* _Aim of the exercise_: Examine the records and identify each line that includes the string "imports". Copy those lines.

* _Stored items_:
= = =

(* For all $R\in(R_1,R_\infty)$, $\check H_c(R)$ is the unique zero of the derivative $\check x_R'$ in $\overline{\mathcal H_0(R)}$. It is a simple zero if $R\ne R_c$, and a double zero if $R=R_c$.
   Context: Let $R_1=\sqrt3$, $R_c=\sqrt7$, $R_\infty=\frac{1+3\sqrt3}2$. For $R\in(R_1,R_c]$ set $\check H_c(R)=\frac{R^2-3}2$ and $\check U_R(H)=\frac{(3-10R^2+3R^4)+(1-R^4)H-2(1-R^2)H^2-H^3}{R^2(3-R^2)^2(4-3R+R^3)^2}H$. For $R\in[R_c,R_\infty)$ set $\check H_c(R)=\frac{5+4R-R^2-\sqrt{3(5-R)(1+R)(R^2-7)}}{13+2R-2R^2}$ and $\check U_R(H)=-\frac{(13+2R-2R^2)^2H}{256(5-R)^2(4+R)^2(7-R+R^2)^2}\big(8(1+R)(5-R)(19-10R-2R^2-3(1-2R)H)+12(1-2R)(13+2R-2R^2)H^2+(13+2R-2R^2)^2H^3\big)$. ($\check H_c(R)$ is the smallest positive zero of $\check U_R'$.) Let $\check x_R(H)=\check U_R(H)/\check U_R(\check H_c(R))$, a polynomial in $H$. Let $\mathcal H_0(R)$ be the connected component of $\check x_R^{-1}(\mathbb D)$ containing $0$, where $\mathbb D$ is the open unit disk, and $\overline{\mathcal H_0(R)}$ its closure; it is known that $\check x_R$ is a conformal bijection from $\mathcal H_0(R)$ onto $\mathbb D$ extending to a homeomorphism $\overline{\mathcal H_0(R)}\to\overline{\mathbb D}$. *)

theory Defs
  imports "HOL-Analysis.Analysis"
begin

definition R1 :: real where "R1 = sqrt 3"
definition Rc :: real where "Rc = sqrt 7"
definition Rinf :: real where "Rinf = (1 + 3 * sqrt 3) / 2"

text \<open>The critical point \<open>H_c(R)\<close>; first formula on \<open>(R1, Rc]\<close>, second on \<open>[Rc, Rinf)\<close>
  (they agree at \<open>Rc\<close>).\<close>
definition Hc :: "real \<Rightarrow> real" where
  "Hc R = (if R \<le> Rc then (R^2 - 3) / 2
           else (5 + 4*R - R^2 - sqrt (3 * (5 - R) * (1 + R) * (R^2 - 7))) / (13 + 2*R - 2*R^2))"

definition U :: "real \<Rightarrow> complex \<Rightarrow> complex" where
  "U R H = (let r = complex_of_real R in
     (if R \<le> Rc then
        ((3 - 10*r^2 + 3*r^4) + (1 - r^4)*H - 2*(1 - r^2)*H^2 - H^3)
          / (r^2 * (3 - r^2)^2 * (4 - 3*r + r^3)^2) * H
      else
        - ((13 + 2*r - 2*r^2)^2 * H) / (256 * (5 - r)^2 * (4 + r)^2 * (7 - r + r^2)^2)
          * (8*(1 + r)*(5 - r)*(19 - 10*r - 2*r^2 - 3*(1 - 2*r)*H)
             + 12*(1 - 2*r)*(13 + 2*r - 2*r^2)*H^2 + (13 + 2*r - 2*r^2)^2 * H^3)))"

definition xR :: "real \<Rightarrow> complex \<Rightarrow> complex" where
  "xR R H = U R H / U R (complex_of_real (Hc R))"

definition H0 :: "real \<Rightarrow> complex set" where
  "H0 R = connected_component_set (xR R -` ball 0 1) 0"

end

theory Submission
  imports Defs
begin

(* In both regimes xR R is a quartic with a critical point at h = Hc R > 0, and its Taylor
   expansion there has the shape
     xR R z = 1 + a w^2 + b w^3 + c w^4,   w = z - h,   a <= 0 < b,  c < 0,
   with a = 0 exactly when R = Rc; this gives the order of the zero of the derivative at h.
   On the rays arg w = +-2 pi/3 the cube w^3 = -8 (Re w)^3 is real and nonnegative while
   a Re (w^2) and c Re (w^4) are nonnegative, so Re (xR R) >= 1 there. Hence the component
   of the preimage of the unit disc containing 0 (where w = -h) stays inside the sector between
   these rays, and its closure lies in the half-plane Re w <= 0. There the derivative
   w (2a + 3b w + 4c w^2) vanishes only at w = 0: the quadratic factor has imaginary part
   Im w (3b + 8c Re w) with 3b + 8c Re w > 0, and it is negative on the negative real axis.
   Finally h lies in the closure because xR R maps the segment [0, h) into [0, 1). *)

locale quartic_critical =
  fixes x :: "complex \<Rightarrow> complex" and h a b c :: real
  assumes x_eq: "\<And>z::complex. x z = 1 + a * (z - h)^2 + b * (z - h)^3 + c * (z - h)^4"
    and x_0: "x 0 = 0"
    and h_pos: "0 < h" and a_nonpos: "a \<le> 0" and b_pos: "0 < b" and c_neg: "c < 0"
begin

lemma deriv_x: "deriv x = (\<lambda>z::complex. (z - h) * (2*a + 3*b*(z - h) + 4*c*(z - h)^2))"
  unfolding x_eq[abs_def]
  by (rule ext, rule DERIV_imp_deriv)
     (auto intro!: derivative_eq_intros simp: algebra_simps power2_eq_square power3_eq_cube)

lemma deriv2_x: "deriv (deriv x) = (\<lambda>z::complex. 2*a + 6*b*(z - h) + 12*c*(z - h)^2)"
  unfolding deriv_x
  by (rule ext, rule DERIV_imp_deriv)
     (auto intro!: derivative_eq_intros simp: algebra_simps power2_eq_square)

lemma deriv3_x: "deriv (deriv (deriv x)) = (\<lambda>z::complex. 6*b + 24*c*(z - h))"
  unfolding deriv2_x
  by (rule ext, rule DERIV_imp_deriv)
     (auto intro!: derivative_eq_intros simp: algebra_simps power2_eq_square)

text \<open>The hypotheses describe the two rays \<open>arg (z - h) = \<plusminus>2\<pi>/3\<close>.\<close>

lemma one_le_Re_x_on_rays:
  fixes z :: complex
  assumes "Re z \<le> h" and "(Im z)^2 = 3 * (Re z - h)^2"
  shows "1 \<le> Re (x z)"
proof -
  define w where "w = z - h"
  have v2: "(Im w)^2 = 3 * (Re w)^2"
    using assms(2) by (simp add: w_def)
  have w3: "w^3 = - 8 * (Re w)^3"
  proof (rule complex_eqI)
    have "Re (w^3) = Re w * ((Re w)^2 - 3 * (Im w)^2)"
      by (simp add: power2_eq_square power3_eq_cube algebra_simps)
    also have "\<dots> = - 8 * (Re w)^3"
      unfolding v2 by (simp add: power2_eq_square power3_eq_cube)
    finally show "Re (w^3) = Re (- 8 * (Re w)^3)"
      by (simp flip: of_real_power)
    have "Im (w^3) = Im w * (3 * (Re w)^2 - (Im w)^2)"
      by (simp add: power2_eq_square power3_eq_cube algebra_simps)
    then show "Im (w^3) = Im (- 8 * (Re w)^3)"
      by (simp add: v2 flip: of_real_power)
  qed
  have "Re (w^2) = - 2 * (Re w)^2"
    using v2 by (simp add: power2_eq_square algebra_simps)
  moreover have "Re (w^4) = - 8 * (Re w)^4"
    using arg_cong[OF w3, of "\<lambda>v. Re (v * w)"]
    by (simp add: power_Suc2 power3_eq_cube power4_eq_xxxx flip: of_real_power)
  ultimately have "Re (x z) = 1 - 2*a*(Re w)^2 - 8*b*(Re w)^3 - 8*c*(Re w)^4"
    by (simp add: x_eq w3 flip: w_def)
  moreover have "Re w \<le> 0"
    using assms(1) by (simp add: w_def)
  moreover have "a * (Re w)^2 \<le> 0"
    using a_nonpos by (simp add: mult_nonpos_nonneg)
  moreover have "b * (Re w)^3 \<le> 0"
    using b_pos power_mono_odd[of 3 "Re w" 0] \<open>Re w \<le> 0\<close> by (simp add: mult_nonneg_nonpos)
  moreover have "c * (Re w)^4 \<le> 0"
    using c_neg by (simp add: mult_nonpos_nonneg)
  ultimately show ?thesis
    by linarith
qed

lemma closure_component_subset_halfplane:
  "closure (connected_component_set (x -` ball 0 1) 0) \<subseteq> {z. Re z \<le> h}"
proof -
  define S where "S = {z. Re z < h \<and> (Im z)^2 < 3 * (Re z - h)^2}"
  define T where "T = {z. h < Re z \<or> 3 * (Re z - h)^2 < (Im z)^2}"
  define C where "C = connected_component_set (x -` ball 0 1) 0"
  have "open S" "open T"
    unfolding S_def T_def
    by (intro open_Collect_conj open_Collect_disj open_Collect_less continuous_intros)+
  have sublevel_split: "x -` ball 0 1 \<subseteq> S \<union> T"
  proof
    fix z assume "z \<in> x -` ball 0 1"
    then have "Re (x z) < 1"
      using complex_Re_le_cmod[of "x z"] by simp
    show "z \<in> S \<union> T"
    proof (rule ccontr)
      assume "z \<notin> S \<union> T"
      then have "Re z \<le> h" and "(Im z)^2 \<le> 3 * (Re z - h)^2"
        by (auto simp: T_def)
      moreover have "3 * (Re z - h)^2 \<le> (Im z)^2"
        using \<open>z \<notin> S \<union> T\<close> \<open>Re z \<le> h\<close> by (cases "Re z = h") (auto simp: S_def)
      ultimately show False
        using one_le_Re_x_on_rays[of z] \<open>Re (x z) < 1\<close> by simp
    qed
  qed
  have "connected C" "C \<subseteq> x -` ball 0 1" "0 \<in> C"
    using x_0 by (simp_all add: C_def connected_component_subset)
  moreover have "0 \<in> S" "S \<inter> T = {}"
    using h_pos by (auto simp: S_def T_def)
  ultimately have "C \<subseteq> S"
    using connectedD[OF \<open>connected C\<close> \<open>open S\<close> \<open>open T\<close>] sublevel_split by blast
  moreover have "S \<subseteq> {z. Re z \<le> h}" "closed {z. Re z \<le> h}"
    by (auto simp: S_def intro!: closed_Collect_le continuous_intros)
  ultimately show ?thesis
    unfolding C_def by (meson closure_minimal order_trans)
qed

= = =

* _The answer_:
  imports "HOL-Analysis.Analysis"
  imports Defs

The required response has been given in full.